* _TASK GOAL_:
Only the lines from the one containing "using pairs_ge_insert_1_Suc[OF finite_des_set" through the one containing "K) (inc_hd J))" should be printed, exactly as they appear below, with both ends included.

==== INFORMATION

lemma st_Cons_1_inc_hd: "st (1 # K) (inc_hd J) = st K J"
  unfolding st_eq_pairs_ge des_set_Cons_1[OF nonempty(1)] des_set_inc_hd[OF nonempty(2)]
  using pairs_ge_insert_1_Suc[OF finite_des_set finite_des_set
      zero_notin_des_set[OF comp(1)] zero_notin_des_set[OF comp(2)]]
  by simp

lemma st_inc_hd_inc_hd: "st (inc_hd K) (inc_hd J) = st K J"
  by (simp add: st_eq_pairs_ge des_set_inc_hd nonempty pairs_ge_Suc_Suc)

lemma st'_Cons_1_Cons_1: "st' (1 # K) (1 # J) = st' K J + length J"
  unfolding st'_eq_pairs_le des_set_Cons_1[OF nonempty(1)] des_set_Cons_1[OF nonempty(2)]
  using pairs_le_insert_1_insert_1[OF finite_des_set finite_des_set
      zero_notin_des_set[OF comp(1)] zero_notin_des_set[OF comp(2)]]
    length_eq_Suc_card_des_set[OF comp(2) nonempty(2)]
  by simp

lemma st'_Cons_1_inc_hd: "Suc (st' (1 # K) (inc_hd J)) = st' K J + length J"
  unfolding st'_eq_pairs_le des_set_Cons_1[OF nonempty(1)] des_set_inc_hd[OF nonempty(2)]
  using pairs_le_insert_1_Suc[OF finite_des_set finite_des_set
      zero_notin_des_set[OF comp(1)] zero_notin_des_set[OF comp(2)]]
    length_eq_Suc_card_des_set[OF comp(2) nonempty(2)]
  by simp

lemma st'_inc_hd_inc_hd: "st' (inc_hd K) (inc_hd J) = st' K J"
  by (simp add: st'_eq_pairs_le des_set_inc_hd nonempty pairs_le_Suc_Suc)

lemma finer_Cons_1_Cons_1: "finer (1 # K) (1 # J) \<longleftrightarrow> finer K J"
  and finer_Cons_1_inc_hd: "finer (1 # K) (inc_hd J) \<longleftrightarrow> finer K J"
  and not_finer_inc_hd_Cons_1: "\<not> finer (inc_hd K) (1 # J)"
  and finer_inc_hd_inc_hd: "finer (inc_hd K) (inc_hd J) \<longleftrightarrow> finer K J"
  unfolding finer_def des_set_Cons_1[OF nonempty(1)] des_set_Cons_1[OF nonempty(2)]
    des_set_inc_hd[OF nonempty(1)] des_set_inc_hd[OF nonempty(2)]
  using zero_notin_des_set[OF comp(1)] zero_notin_des_set[OF comp(2)]
  by auto

lemma finer_length_le: "finer K J \<Longrightarrow> length J \<le> length K"
  using length_eq_Suc_card_des_set comp nonempty
  by (simp add: finer_def card_mono)

end

lemma finer_length_less:
  assumes "J \<in> comps n" "K \<in> comps n" "0 < n" "finer K J" "J \<noteq> K"
  shows "length J < length K"
proof -
  have "des_set J \<noteq> des_set K"
    using assms des_set_inj by (auto simp: comps_def)
  with assms(4) have "card (des_set J) < card (des_set K)"
    by (simp add: finer_def psubset_card_mono)
  with assms show ?thesis
    by (simp add: length_eq_Suc_card_des_set comps_is_comp comps_nonempty)
qed

section \<open>\<open>q\<close>-integers and \<open>q\<close>-binomial coefficients\<close>

lemma qint_0 [simp]: "qint q 0 = 0"
  and qint_1 [simp]: "qint q (Suc 0) = 1"
  and qint_Suc: "qint q (Suc m) = qint q m + q ^ m"
  by (simp_all add: qint_def)

lemma qint_add: "qint q (a + b) = qint q a + q ^ a * qint q b"
  by (induction b) (simp_all add: qint_Suc algebra_simps power_add)

lemma qint_Suc': "qint q (Suc m) = 1 + q * qint q m"
  using qint_add[of q 1 m] by simp

lemma sum_power_atLeastAtMost_eq_qint: "(\<Sum>a\<in>{1..m}. q ^ (a - 1)) = qint q m"
  by (induction m) (simp_all add: qint_Suc)

lemma QFactA_Cons_1: "QFactA q (1 # J) = qint q (Suc (length J)) * QFactA q J"
  unfolding QFactA_def length_Cons prod.lessThan_Suc_shift by simp

lemma QFactA_inc_hd: "J \<noteq> [] \<Longrightarrow> QFactA q (inc_hd J) = qint q (length J) * QFactA q J"
  by (cases J)
    (simp_all only: QFactA_def inc_hd.simps length_Cons prod.lessThan_Suc_shift, simp_all)

lemma QFactA_singleton: "QFactA q [a] = 1"
  by (simp add: QFactA_def)

text \<open>\<open>qbinom q a b\<close> is the \<open>q\<close>-binomial coefficient \<open>[a + b]! / ([a]! [b]!)\<close>.\<close>

fun qbinom :: "'a::field \<Rightarrow> nat \<Rightarrow> nat \<Rightarrow> 'a" where
  "qbinom q 0 b = 1"
| "qbinom q (Suc a) 0 = 1"
| "qbinom q (Suc a) (Suc b) = qbinom q a (Suc b) + q ^ Suc a * qbinom q (Suc a) b"

lemma qbinom_0_right [simp]: "qbinom q a 0 = 1"
  by (cases a) auto

lemma qbinom_1_left: "qbinom q (Suc 0) b = qint q (Suc b)"
  by (induction b) (simp_all add: qint_Suc')

lemma qbinom_1_right: "qbinom q a (Suc 0) = qint q (Suc a)"
  by (induction a) (simp_all add: qint_Suc)

lemma qbinom_qint:
  "qint q (Suc a) * qbinom q (Suc a) b = qint q (Suc (a + b)) * qbinom q a b
   \<and> qint q (Suc b) * qbinom q a (Suc b) = qint q (Suc (a + b)) * qbinom q a b"
proof (induction q a b rule: qbinom.induct)
  case (1 q b)
  then show ?case by (simp add: qbinom_1_left)
next
  case (2 q a)
  then show ?case by (simp add: qbinom_1_right)
next
  case (3 q a b)
  have swap_X: "qint q (Suc (Suc a)) * qbinom q (Suc (Suc a)) b
      = qint q (Suc b) * qbinom q (Suc a) (Suc b)"
    using "3.IH"(2) by simp
  have swap_Y: "qint q (Suc (Suc b)) * qbinom q a (Suc (Suc b))
      = qint q (Suc a) * qbinom q (Suc a) (Suc b)"
    using "3.IH"(1) by simp
  have "qint q (Suc (Suc a)) * qbinom q (Suc (Suc a)) (Suc b)
      = qint q (Suc (Suc a)) * qbinom q (Suc a) (Suc b)
        + q ^ Suc (Suc a) * (qint q (Suc (Suc a)) * qbinom q (Suc (Suc a)) b)"
    by (simp add: algebra_simps)
  also have "\<dots>
      = (qint q (Suc (Suc a)) + q ^ Suc (Suc a) * qint q (Suc b)) * qbinom q (Suc a) (Suc b)"
    unfolding swap_X by (simp add: algebra_simps)
  also have "qint q (Suc (Suc a)) + q ^ Suc (Suc a) * qint q (Suc b) = qint q (Suc (Suc a + Suc b))"
    using qint_add[of q "Suc (Suc a)" "Suc b"] by simp
  finally have X: "qint q (Suc (Suc a)) * qbinom q (Suc (Suc a)) (Suc b)
      = qint q (Suc (Suc a + Suc b)) * qbinom q (Suc a) (Suc b)" .
  have "qint q (Suc (Suc b)) * qbinom q (Suc a) (Suc (Suc b))
      = qint q (Suc (Suc b)) * qbinom q a (Suc (Suc b))
        + q ^ Suc a * (qint q (Suc (Suc b)) * qbinom q (Suc a) (Suc b))"
    by (simp add: algebra_simps)
  also have "\<dots> = (qint q (Suc a) + q ^ Suc a * qint q (Suc (Suc b))) * qbinom q (Suc a) (Suc b)"
    unfolding swap_Y by (simp add: algebra_simps)
  also have "qint q (Suc a) + q ^ Suc a * qint q (Suc (Suc b)) = qint q (Suc (Suc a + Suc b))"
    using qint_add[of q "Suc a" "Suc (Suc b)"] by simp
  finally have Y: "qint q (Suc (Suc b)) * qbinom q (Suc a) (Suc (Suc b))
      = qint q (Suc (Suc a + Suc b)) * qbinom q (Suc a) (Suc b)" .
  from X Y show ?case
    by simp
qed

section \<open>Permutation tableaux with prescribed column lengths\<close>

definition boxes :: "nat list \<Rightarrow> (nat \<times> nat) set" where
  "boxes L = {(c, r). c < length L \<and> r < L ! c}"

definition is_ptab :: "nat list \<Rightarrow> (nat \<times> nat) set \<Rightarrow> bool" where
  "is_ptab L T \<longleftrightarrow> T \<subseteq> boxes L \<and> (\<forall>c < length L. \<exists>r. (c, r) \<in> T) \<and>
     (\<forall>c r. (c, r) \<in> boxes L \<and> (c, r) \<notin> T \<longrightarrow>
        \<not> ((\<exists>r' < r. (c, r') \<in> T) \<and> (\<exists>c' < c. (c', r) \<in> T)))"

lemma perm_tableau_eq_is_ptab: "perm_tableau I T = is_ptab (col_lengths I) T"
  by (simp add: perm_tableau_def is_ptab_def shape_def boxes_def)

text \<open>The rows below \<open>k\<close> in which a new leftmost column may carry a \<open>1\<close>.\<close>

definition free_rows :: "nat \<Rightarrow> nat list \<Rightarrow> (nat \<times> nat) set \<Rightarrow> nat set" where
  "free_rows k L T = {r. r < k \<and> \<not> (\<exists>c. (c, r) \<in> boxes L \<and> (c, r) \<notin> T \<and> (\<exists>r' < r. (c, r') \<in> T))}"

definition add_col :: "(nat \<times> nat) set \<Rightarrow> nat set \<Rightarrow> (nat \<times> nat) set" where
  "add_col T S = Pair 0 ` S \<union> (\<lambda>(c, r). (Suc c, r)) ` T"

definition first_col :: "(nat \<times> nat) set \<Rightarrow> nat set" where
  "first_col T' = {r. (0, r) \<in> T'}"

definition other_cols :: "(nat \<times> nat) set \<Rightarrow> (nat \<times> nat) set" where
  "other_cols T' = {(c, r). (Suc c, r) \<in> T'}"

lemma mem_add_col_0 [simp]: "(0, r) \<in> add_col T S \<longleftrightarrow> r \<in> S"
  and mem_add_col_Suc [simp]: "(Suc c, r) \<in> add_col T S \<longleftrightarrow> (c, r) \<in> T"
  by (auto simp: add_col_def)

lemma first_col_add_col [simp]: "first_col (add_col T S) = S"
  and other_cols_add_col [simp]: "other_cols (add_col T S) = T"
  by (simp_all add: first_col_def other_cols_def)

lemma add_col_first_col_other_cols: "add_col (other_cols T') (first_col T') = T'"
proof (intro set_eqI)
  fix p :: "nat \<times> nat"
  show "p \<in> add_col (other_cols T') (first_col T') \<longleftrightarrow> p \<in> T'"
    by (cases p; cases "fst p") (auto simp: first_col_def other_cols_def)
qed

lemma card_add_col: "finite T \<Longrightarrow> finite S \<Longrightarrow> card (add_col T S) = card S + card T"
  unfolding add_col_def
  by (subst card_Un_disjoint) (auto simp: card_image inj_on_def split: prod.splits)

lemma mem_boxes_Cons_0 [simp]: "(0, r) \<in> boxes (k # L) \<longleftrightarrow> r < k"
  and mem_boxes_Cons_Suc [simp]: "(Suc c, r) \<in> boxes (k # L) \<longleftrightarrow> (c, r) \<in> boxes L"
  by (simp_all add: boxes_def)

========

* _ANSWER BELOW_:
  using pairs_ge_insert_1_Suc[OF finite_des_set finite_des_set
      zero_notin_des_set[OF comp(1)] zero_notin_des_set[OF comp(2)]]
  by simp

lemma st_inc_hd_inc_hd: "st (inc_hd K) (inc_hd J) = st K J"
  by (simp add: st_eq_pairs_ge des_set_inc_hd nonempty pairs_ge_Suc_Suc)

lemma st'_Cons_1_Cons_1: "st' (1 # K) (1 # J) = st' K J + length J"
  unfolding st'_eq_pairs_le des_set_Cons_1[OF nonempty(1)] des_set_Cons_1[OF nonempty(2)]
  using pairs_le_insert_1_insert_1[OF finite_des_set finite_des_set
      zero_notin_des_set[OF comp(1)] zero_notin_des_set[OF comp(2)]]
    length_eq_Suc_card_des_set[OF comp(2) nonempty(2)]
  by simp

lemma st'_Cons_1_inc_hd: "Suc (st' (1 # K) (inc_hd J)) = st' K J + length J"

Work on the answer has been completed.